Aos que pensam em abrir um restaurante a Abrasel recomenda: fazer pesquisa na Prefeitura sobre a lei
de zoneamento; pesquisa no local para averiguar como o público-alvo se comporta; verificar a facilidade
de estacionamento e analisar problemas de barulho em relação à vizinhança.

VIA-CRÚCIS

O advogado Sivaldo José Martins, do sindicato patronal, aconselha que primeiro se pesquise onde vai se
estabelecer, para não investir e depois perder tudo por falta de licença. "Comerciantes de outros ramos
raramente são intimados, mas o restaurante, um mês ou dois depois de se instalar, já é intimado a
requerer licença de funcionamento."

"Então, a pessoa vai requerer, mas, se não tiver os documentos, o pedido será indeferido. Se isso ocorre,
começa o processo de fechamento. Primeiro as multas, depois intimação para regularizar ou cessar a
atividade, em seguida o fechamento administrativo. Finalmente, fechamento com força policial. Quem vai
ficar estimulado a se estabelecer nessas condições?"

"É penoso", diz o advogado. "O comerciante sofre vistorias da Vigilância Sanitária, Contru, Cadam, Psiu.
Se for restaurante com música ao vivo ou mecânica, pode contar que o Psiu vai lá e, uma vez detectado o
ruído acima do limite permitido, a multa é de 300 UFMS ou R$ 22 mil. A segunda é de 400 UFMS ou R$
27 mil. Quem agüenta?"

Apesar dos pesares, a atividade de bares e restaurantes é a única que existe em todas as cidades do
Brasil, inclusive em vilarejos - são 780 mil -, e movimenta mais de R$ 12 bilhões ao ano. O setor gera 8%
dos empregos diretos no Brasil, ou seja, 6 milhões de empregos. E permite a ascensão econômica das
pessoas - elas podem entrar como faxineiro, auxiliar de cozinha ou balconista e chegar a chefe de
cozinha, maitre ou até mesmo dono do restaurante.

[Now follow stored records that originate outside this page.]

(* Let $l\subset\mathbb{P}^3$ be a fixed line and let $r_t$, $t\in\Delta$, be an analytic family of lines in $\mathbb{P}^3$, where $\Delta\subset\mathbb{C}$ is a disk around $0$, such that $l$ and $r_t$ are skew for $t\neq 0$ and $l$ and $r_0$ meet at a point $p$. Let $m,n$ be positive integers. If $F\in\mathbb{C}[[t]][X,Y,Z,W]$ is the equation of an analytic family of surfaces $F_t$ such that for every $t\in\Delta\setminus\{0\}$, $F_t$ has multiplicity at least $m$ along $l$ and at least $n$ along $r_t$, then $F_0$ has multiplicity at least $m$ along $l$, at least $n$ along $r_0$, and at least $m+n$ at $p$. *)

theory Defs
  imports "HOL-Analysis.Analysis"
begin

text \<open>Homogeneous coordinates X,Y,Z,W of P^3 are the four components of a vector
  in complex^4.  A homogeneous polynomial of degree d is given by its coefficients
  on the monomials x^alpha with alpha of total degree d.\<close>

definition monoms_deg :: "nat \<Rightarrow> (4 \<Rightarrow> nat) set" where
  "monoms_deg d = {\<alpha>. sum \<alpha> UNIV = d}"

definition hpoly_eval :: "nat \<Rightarrow> ((4 \<Rightarrow> nat) \<Rightarrow> complex) \<Rightarrow> complex^4 \<Rightarrow> complex" where
  "hpoly_eval d c x = (\<Sum>\<alpha>\<in>monoms_deg d. c \<alpha> * (\<Prod>i\<in>UNIV. (x$i) ^ (\<alpha> i)))"

definition pderiv4 :: "4 \<Rightarrow> (complex^4 \<Rightarrow> complex) \<Rightarrow> complex^4 \<Rightarrow> complex" where
  "pderiv4 i f x = deriv (\<lambda>s. f (x + s *s axis i 1)) 0"

definition iter_pderiv :: "4 list \<Rightarrow> (complex^4 \<Rightarrow> complex) \<Rightarrow> complex^4 \<Rightarrow> complex" where
  "iter_pderiv is f = foldr pderiv4 is f"

definition mult_at_least :: "(complex^4 \<Rightarrow> complex) \<Rightarrow> complex^4 \<Rightarrow> nat \<Rightarrow> bool" where
  "mult_at_least f p m \<longleftrightarrow> (\<forall>is. length is < m \<longrightarrow> iter_pderiv is f p = 0)"
lemma pigeonhole_three_classes:
  assumes "finite U" and "U \<subseteq> \<Union>Q"
    and small: "\<And>P. P \<in> Q \<Longrightarrow> card (U \<inter> P) \<le> m" and "2 * m < card U"
  obtains P0 P1 P2 u0 u1 u2
  where "P0 \<in> Q" "P1 \<in> Q" "P2 \<in> Q" "P0 \<noteq> P1" "P0 \<noteq> P2" "P1 \<noteq> P2"
    and "u0 \<in> U \<inter> P0" "u1 \<in> U \<inter> P1" "u2 \<in> U \<inter> P2"
proof -
  have outside: "card U - card (U \<inter> X) \<le> card (U - X)" for X
    using \<open>finite U\<close> by (simp add: card_Diff_subset_Int)
  have "U \<noteq> {}" using \<open>2 * m < card U\<close> by auto
  then obtain u0 P0 where P0: "P0 \<in> Q" "u0 \<in> U \<inter> P0" using \<open>U \<subseteq> \<Union>Q\<close> by blast
  have "card (U - P0) \<noteq> 0"
    using outside[of P0] small[OF \<open>P0 \<in> Q\<close>] \<open>2 * m < card U\<close> by linarith
  then obtain u1 where "u1 \<in> U - P0" by (metis all_not_in_conv card.empty)
  then obtain P1 where P1: "P1 \<in> Q" "u1 \<in> U \<inter> P1" "P0 \<noteq> P1" using \<open>U \<subseteq> \<Union>Q\<close> by blast
  have "card (U \<inter> (P0 \<union> P1)) \<le> card (U \<inter> P0) + card (U \<inter> P1)"
    by (metis Int_Un_distrib card_Un_le)
  then have "card (U - (P0 \<union> P1)) \<noteq> 0"
    using outside[of "P0 \<union> P1"] small[OF \<open>P0 \<in> Q\<close>] small[OF \<open>P1 \<in> Q\<close>] \<open>2 * m < card U\<close>
    by linarith
  then obtain u2 where "u2 \<in> U - (P0 \<union> P1)" by (metis all_not_in_conv card.empty)
  then obtain P2 where P2: "P2 \<in> Q" "u2 \<in> U \<inter> P2" "P0 \<noteq> P2" "P1 \<noteq> P2"
    using \<open>U \<subseteq> \<Union>Q\<close> by blast
  show ?thesis by (rule that[OF P0(1) P1(1) P2(1) P1(3) P2(3,4) P0(2) P1(2) P2(2)])
qed
theorem lemma2p3:
  fixes R :: "(int^'n) set" and cor :: "int^'n \<Rightarrow> int^'n" and rho :: "int^'n"
    and q :: real and valL :: "'k::field \<Rightarrow> real"
    and g :: "(int^'n \<Rightarrow> int^'n) \<Rightarrow> int^'n \<Rightarrow> 'k"
  assumes "root_datum R cor"
    and "\<forall>a\<in>R. pair a rho \<noteq> 0"
    and "valuation valL" and "q > 1"
    and "cocycle (weyl R cor) (antidom R rho) q valL g"
  shows "V_gamma (weyl R cor) (antidom R rho) valL g
         = convex hull {- z_pt valL g w | w. w \<in> weyl R cor}"
proof -
  have "V_gamma (weyl R cor) (antidom R rho) valL g
      = {z. \<forall>l. \<exists>p\<in>(\<lambda>w. valvec valL (g w)) ` weyl R cor. ev l p \<le> ev l z}"
    using assms(1,3-5) by (rule V_gamma_eq_lattice_support)
  also have "\<dots> = convex hull ((\<lambda>w. valvec valL (g w)) ` weyl R cor)"
    using weyl_finite[OF assms(1)] by (simp add: convex_hull_eq_lattice_support)
  also have "\<dots> = convex hull {- z_pt valL g w | w. w \<in> weyl R cor}"
    by (simp add: neg_z_pt_image[OF assms(1)])
  finally show ?thesis .
qed

end
lemma tendsto_EI11sq_at_left:
  fixes F :: "real \<Rightarrow> real \<Rightarrow> real \<Rightarrow> complex" and G :: "real \<Rightarrow> real \<Rightarrow> complex"
  assumes H: "1/2 < H" "H < 1" and pq: "-H < p" "-H < q" and T: "0 \<le> T"
    and F_measurable: "\<And>t. case_prod (F t) \<in> borel_measurable (lborel \<Otimes>\<^sub>M lborel)"
    and G_measurable: "case_prod G \<in> borel_measurable (lborel \<Otimes>\<^sub>M lborel)"
    and F_bound: "\<And>t u v. t < T \<Longrightarrow> u \<in> {0..T} \<Longrightarrow> v \<in> {0..T} \<Longrightarrow>
                   norm (F t u v) \<le> (T - u) powr p * (T - v) powr q"
    and F_tendsto: "\<And>u v. ((\<lambda>t. F t u v) \<longlongrightarrow> G u v) (at_left T)"
  shows "((\<lambda>t. EI11sq H T (F t)) \<longlongrightarrow> EI11sq H T G) (at_left T)"
proof -
  define w where "w x = singular_weight T (2 * H - 2) p (fst x, fst (snd x))
      * singular_weight T (2 * H - 2) q (snd (snd x))" for x
  have "integrable lborel4 w"
    unfolding w_def using H pq T
    by (intro integrable_pair_pair_mult integrable_singular_weight)
      (auto intro: lborel.sigma_finite_measure_axioms)
  have "((\<lambda>t. integral\<^sup>L lborel4 (hh_integrand H T (F t)))
      \<longlongrightarrow> integral\<^sup>L lborel4 (hh_integrand H T G)) (at_left T)"
  proof (rule tendsto_at_left_sequentially[of "T - 1"])
    fix S :: "nat \<Rightarrow> real"
    assume S: "\<And>n. S n < T" "S \<longlonglongrightarrow> T"
    have "filterlim S (at_left T) sequentially"
      using S by (intro tendsto_imp_filterlim_at_left) auto
    then have F_S: "(\<lambda>n. F (S n) u v) \<longlonglongrightarrow> G u v" for u v
      by (rule filterlim_compose[OF F_tendsto])
    show "(\<lambda>n. integral\<^sup>L lborel4 (hh_integrand H T (F (S n))))
        \<longlonglongrightarrow> integral\<^sup>L lborel4 (hh_integrand H T G)"
    proof (rule integral_dominated_convergence[where w = w])
      show "AE x in lborel4. (\<lambda>n. hh_integrand H T (F (S n)) x) \<longlonglongrightarrow> hh_integrand H T G x"
        unfolding hh_integrand_def case_prod_beta' by (intro AE_I2 tendsto_intros F_S)
      show "AE x in lborel4. norm (hh_integrand H T (F (S n)) x) \<le> w x" for n
        unfolding w_def using F_bound[OF S(1)] by (intro AE_I2 norm_hh_integrand_le)
    qed (use \<open>integrable lborel4 w\<close> F_measurable G_measurable
        in \<open>auto intro: borel_measurable_hh_integrand\<close>)
  qed simp
  then show ?thesis
    unfolding EI11sq_eq_integral_hh_integrand by (rule tendsto_mult_left)
qed

lemma norm_cpow: "0 < x \<Longrightarrow> norm (cpow x z) = x powr Re z"
  unfolding cpow_def by (simp add: powr_def mult.commute)

lemma powr_exponent_trade_le:
  fixes X Y r s :: real
  assumes "0 < X" "0 < Y" and "X \<le> Y \<and> s \<le> r \<or> Y \<le> X \<and> r \<le> s"
  shows "X powr (r - 1) * Y powr (- r) \<le> X powr (s - 1) * Y powr (- s)"
proof -
  have ratio: "(X / Y) powr (r - s) \<le> 1"
    using assms
    by (auto intro: powr_le1 order.trans[OF powr_mono2'[of "r - s" 1 "X / Y"]])
  have "X powr (r - 1) * Y powr (- r) = X powr (s - 1) * Y powr (- s) * (X / Y) powr (r - s)"
    using assms by (simp add: powr_divide powr_diff powr_minus field_simps)
  also have "\<dots> \<le> X powr (s - 1) * Y powr (- s)"
    using ratio by (intro mult_left_le) auto
  finally show ?thesis .
qed

lemma borel_measurable_psi_k [measurable]:
  "(\<lambda>z. psi_k T a t (fst z) (snd z)) \<in> borel_measurable (lborel \<Otimes>\<^sub>M lborel)"
  unfolding psi_k_def cpow_def by measurable

lemma borel_measurable_phi_k [measurable]:
  "(\<lambda>z. phi_k T a t (fst z) (snd z)) \<in> borel_measurable (lborel \<Otimes>\<^sub>M lborel)"
  unfolding phi_k_def cpow_def by measurable

lemma norm_psi_k_le:
  assumes "t < T" "s \<le> Re a"
  shows "norm (psi_k T a t u v) \<le> (T - u) powr (s - 1) * (T - v) powr (- s)"
proof (cases "0 \<le> v \<and> v \<le> u \<and> u \<le> t")
  case True
  then show ?thesis
    using assms powr_exponent_trade_le[where X = "T - u" and Y = "T - v" and r = "Re a" and s = s]
    by (simp add: psi_k_def norm_mult norm_cpow)
qed (auto simp: psi_k_def)

lemma norm_phi_k_le:
  assumes "t < T" "Re a \<le> s"
  shows "norm (phi_k T a t u v) \<le> (T - u) powr (s - 1) * (T - v) powr (- s)"
proof (cases "0 \<le> u \<and> u \<le> v \<and> v \<le> t")
  case True
  then show ?thesis
    using assms powr_exponent_trade_le[where X = "T - u" and Y = "T - v" and r = "Re a" and s = s]
    by (simp add: phi_k_def norm_mult norm_cpow)
qed (auto simp: phi_k_def)

lemma psi_k_tendsto:
  "((\<lambda>t. psi_k T a t u v) \<longlongrightarrow> (if u < T then psi_k T a T u v else 0)) (at_left T)"
proof (rule tendsto_eventually)
  have "(if u < T then u else T - 1) < T"
    by simp
  from eventually_at_left_real[OF this]
  show "\<forall>\<^sub>F t in at_left T. psi_k T a t u v = (if u < T then psi_k T a T u v else 0)"
    by eventually_elim (auto simp: psi_k_def split: if_splits)
qed

lemma phi_k_tendsto:
  "((\<lambda>t. phi_k T a t u v) \<longlongrightarrow> (if v < T then phi_k T a T u v else 0)) (at_left T)"
proof (rule tendsto_eventually)
  have "(if v < T then v else T - 1) < T"
    by simp
  from eventually_at_left_real[OF this]
  show "\<forall>\<^sub>F t in at_left T. phi_k T a t u v = (if v < T then phi_k T a T u v else 0)"
    by eventually_elim (auto simp: phi_k_def split: if_splits)
qed
(* Let $m,n$ be integers with $m\ge 3$ and $n\ge 2$. Then the set $E(m,n)=\{k \mid \text{there exists a primitive nonnegative tensor } \mathbb{A} \text{ of order } m \text{ and dimension } n \text{ with } \gamma(\mathbb{A})=k\}$ equals $\{1,2,\ldots,(n-1)^2+1\}$.
   Context: A tensor $\mathbb{A}=(a_{i_1i_2\ldots i_m})$ of order $m$ and dimension $n$ is an array with entries indexed by $i_1,\ldots,i_m\in[n]=\{1,\ldots,n\}$; it is nonnegative if all entries are real and $\ge 0$. For $x\in\mathbb{R}^n$, $\mathbb{A}x\in\mathbb{R}^n$ is the vector with $(\mathbb{A}x)_i=\sum_{i_2,\ldots,i_m=1}^n a_{ii_2\ldots i_m}x_{i_2}\cdots x_{i_m}$, and $x^{[r]}=(x_1^r,\ldots,x_n^r)^T$. Define $T_{\mathbb{A}}(x)=(\mathbb{A}x)^{[1/(m-1)]}$. A nonnegative tensor $\mathbb{A}$ is primitive if there is a positive integer $r$ such that $T_{\mathbb{A}}^r(x)>0$ (entrywise) for every nonnegative nonzero $x\in\mathbb{R}^n$; the smallest such $r$ is the primitive degree $\gamma(\mathbb{A})$. *)

theory Defs
  imports Complex_Main
begin

text \<open>Indices are 0-based: [n] is rendered as {0..<n}. A tensor of order m and
dimension n is a function on index lists; only lists of length m with entries < n matter.
Vectors in R^n are functions nat => real, only entries i < n matter.\<close>

definition index_tuples :: "nat \<Rightarrow> nat \<Rightarrow> nat list set" where
  "index_tuples k n = {is. length is = k \<and> set is \<subseteq> {..<n}}"

definition nonneg_tensor :: "nat \<Rightarrow> nat \<Rightarrow> (nat list \<Rightarrow> real) \<Rightarrow> bool" where
  "nonneg_tensor m n A \<longleftrightarrow> (\<forall>is \<in> index_tuples m n. A is \<ge> 0)"

definition tensor_apply :: "nat \<Rightarrow> nat \<Rightarrow> (nat list \<Rightarrow> real) \<Rightarrow> (nat \<Rightarrow> real) \<Rightarrow> (nat \<Rightarrow> real)" where
  "tensor_apply m n A x = (\<lambda>i. if i < n then
      (\<Sum>is \<in> index_tuples (m - 1) n. A (i # is) * prod_list (map x is)) else 0)"

definition T_map :: "nat \<Rightarrow> nat \<Rightarrow> (nat list \<Rightarrow> real) \<Rightarrow> (nat \<Rightarrow> real) \<Rightarrow> (nat \<Rightarrow> real)" where
  "T_map m n A x = (\<lambda>i. root (m - 1) (tensor_apply m n A x i))"

definition nonneg_nonzero_vec :: "nat \<Rightarrow> (nat \<Rightarrow> real) \<Rightarrow> bool" where
  "nonneg_nonzero_vec n x \<longleftrightarrow> (\<forall>i<n. x i \<ge> 0) \<and> (\<exists>i<n. x i \<noteq> 0)"

definition primitive_at :: "nat \<Rightarrow> nat \<Rightarrow> (nat list \<Rightarrow> real) \<Rightarrow> nat \<Rightarrow> bool" where
  "primitive_at m n A r \<longleftrightarrow> 0 < r \<and>
     (\<forall>x. nonneg_nonzero_vec n x \<longrightarrow> (\<forall>i<n. ((T_map m n A) ^^ r) x i > 0))"

definition primitive_tensor :: "nat \<Rightarrow> nat \<Rightarrow> (nat list \<Rightarrow> real) \<Rightarrow> bool" where
  "primitive_tensor m n A \<longleftrightarrow> nonneg_tensor m n A \<and> (\<exists>r. primitive_at m n A r)"

definition primitive_degree :: "nat \<Rightarrow> nat \<Rightarrow> (nat list \<Rightarrow> real) \<Rightarrow> nat" where
  "primitive_degree m n A = (LEAST r. primitive_at m n A r)"

definition E_set :: "nat \<Rightarrow> nat \<Rightarrow> nat set" where
  "E_set m n = {k. \<exists>A. primitive_tensor m n A \<and> primitive_degree m n A = k}"

end

theory Submission
  imports Defs
begin

text \<open>Passing to supports, T_A acts on nonempty subsets of [n] as a monotone set map F, and
  A is primitive with exponent r iff F^r sends every nonempty set to [n]. Wielandt's argument
  bounds the exponent: from any j one reaches within a steps a point y lying on a closed walk
  of length c \<le> n - 1 with a + c \<le> n; the sets (F^c)^k {y} grow strictly until they are
  full, so F^((n-1) c + a) {j} = [n] and (n-1) c + a \<le> (n-1)^2 + 1.

  Conversely every degree is attained by a tensor whose entries depend only on the first three
  indices, so that F is the out-neighbourhood map of a digraph plus one hyperedge {a, b} \<rightarrow> B.
  Degrees k \<le> n come from a path that becomes complete after k - 1 steps. For k > n start
  from the Wielandt digraph, whose orbit of {0} consists of circular arcs growing one step at
  a time; the hyperedge joins the two ends of the arc reached at time k - 1 to the
  complementary arc, so the orbit becomes full exactly at time k, while on the earlier arcs
  the hyperedge adds nothing new.\<close>

section \<open>Primitive monotone set maps\<close>

lemma funpow_reach_trans:
  assumes "mono F" "u \<in> (F ^^ a) {v}" "z \<in> (F ^^ b) {u}"
  shows "z \<in> (F ^^ (b + a)) {v}"
proof -
  have "(F ^^ b) {u} \<subseteq> (F ^^ b) ((F ^^ a) {v})"
    using assms by (intro funpow_mono) auto
  with assms(3) show ?thesis by (auto simp: funpow_add)
qed

lemma wielandt_arith:
  fixes a c n :: nat
  assumes "2 \<le> n" "1 \<le> c" "c \<le> n - 1" "a + c \<le> n"
  shows "(n - 1) * c + a \<le> (n - 1)^2 + 1"
proof -
  obtain p where p: "n = p + 2" using assms(1) by (metis add.commute le_Suc_ex)
  have "p * c \<le> p * (p + 1)" using assms(3) p by (intro mult_le_mono2) simp
  then show ?thesis using assms p by (simp add: power2_eq_square algebra_simps)
qed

Licença de funcionamento é exibida como um troféu

O advogado Sivaldo José Martins, há 16 anos consultor do Sindicato de Hotéis, Restaurantes e Similares
de São Paulo, dá as dicas para abrir um restaurante:

1. Saber se o prédio tem planta aprovada e habite-se para ramo comercial.

2. Verificar se aquela zona de uso permite restaurante. Isso é feito por meio de um termo de consulta.

3. Procurar um contador para tratar de cadastros, documentação e elaborar o contrato social da empresa.
Precisa ter CNPJ, a inscrição estadual chamada de Declaração Cadastral (Deca) e Cadastro do
Contribuinte Mobiliário.

4. Recolher a Taxa de Fiscalização do Estabelecimento. Depois, com locação e cadastros acertados,


requerer o auto de licença de localização e funcionamento junto à prefeitura em até 60 dias.

O termo de consulta, que deveria sair em 15 dias, leva até um ano. A licença de funcionamento demora
até cinco anos, em vez dos 60 dias previstos em lei. "Por isso, mais de 80% dos restaurantes trabalham
sem licença", conta Martins. Segundo ele, a dificuldade é tanta que aqueles que conseguem o alvará
exibem-no emoldurado, como um troféu.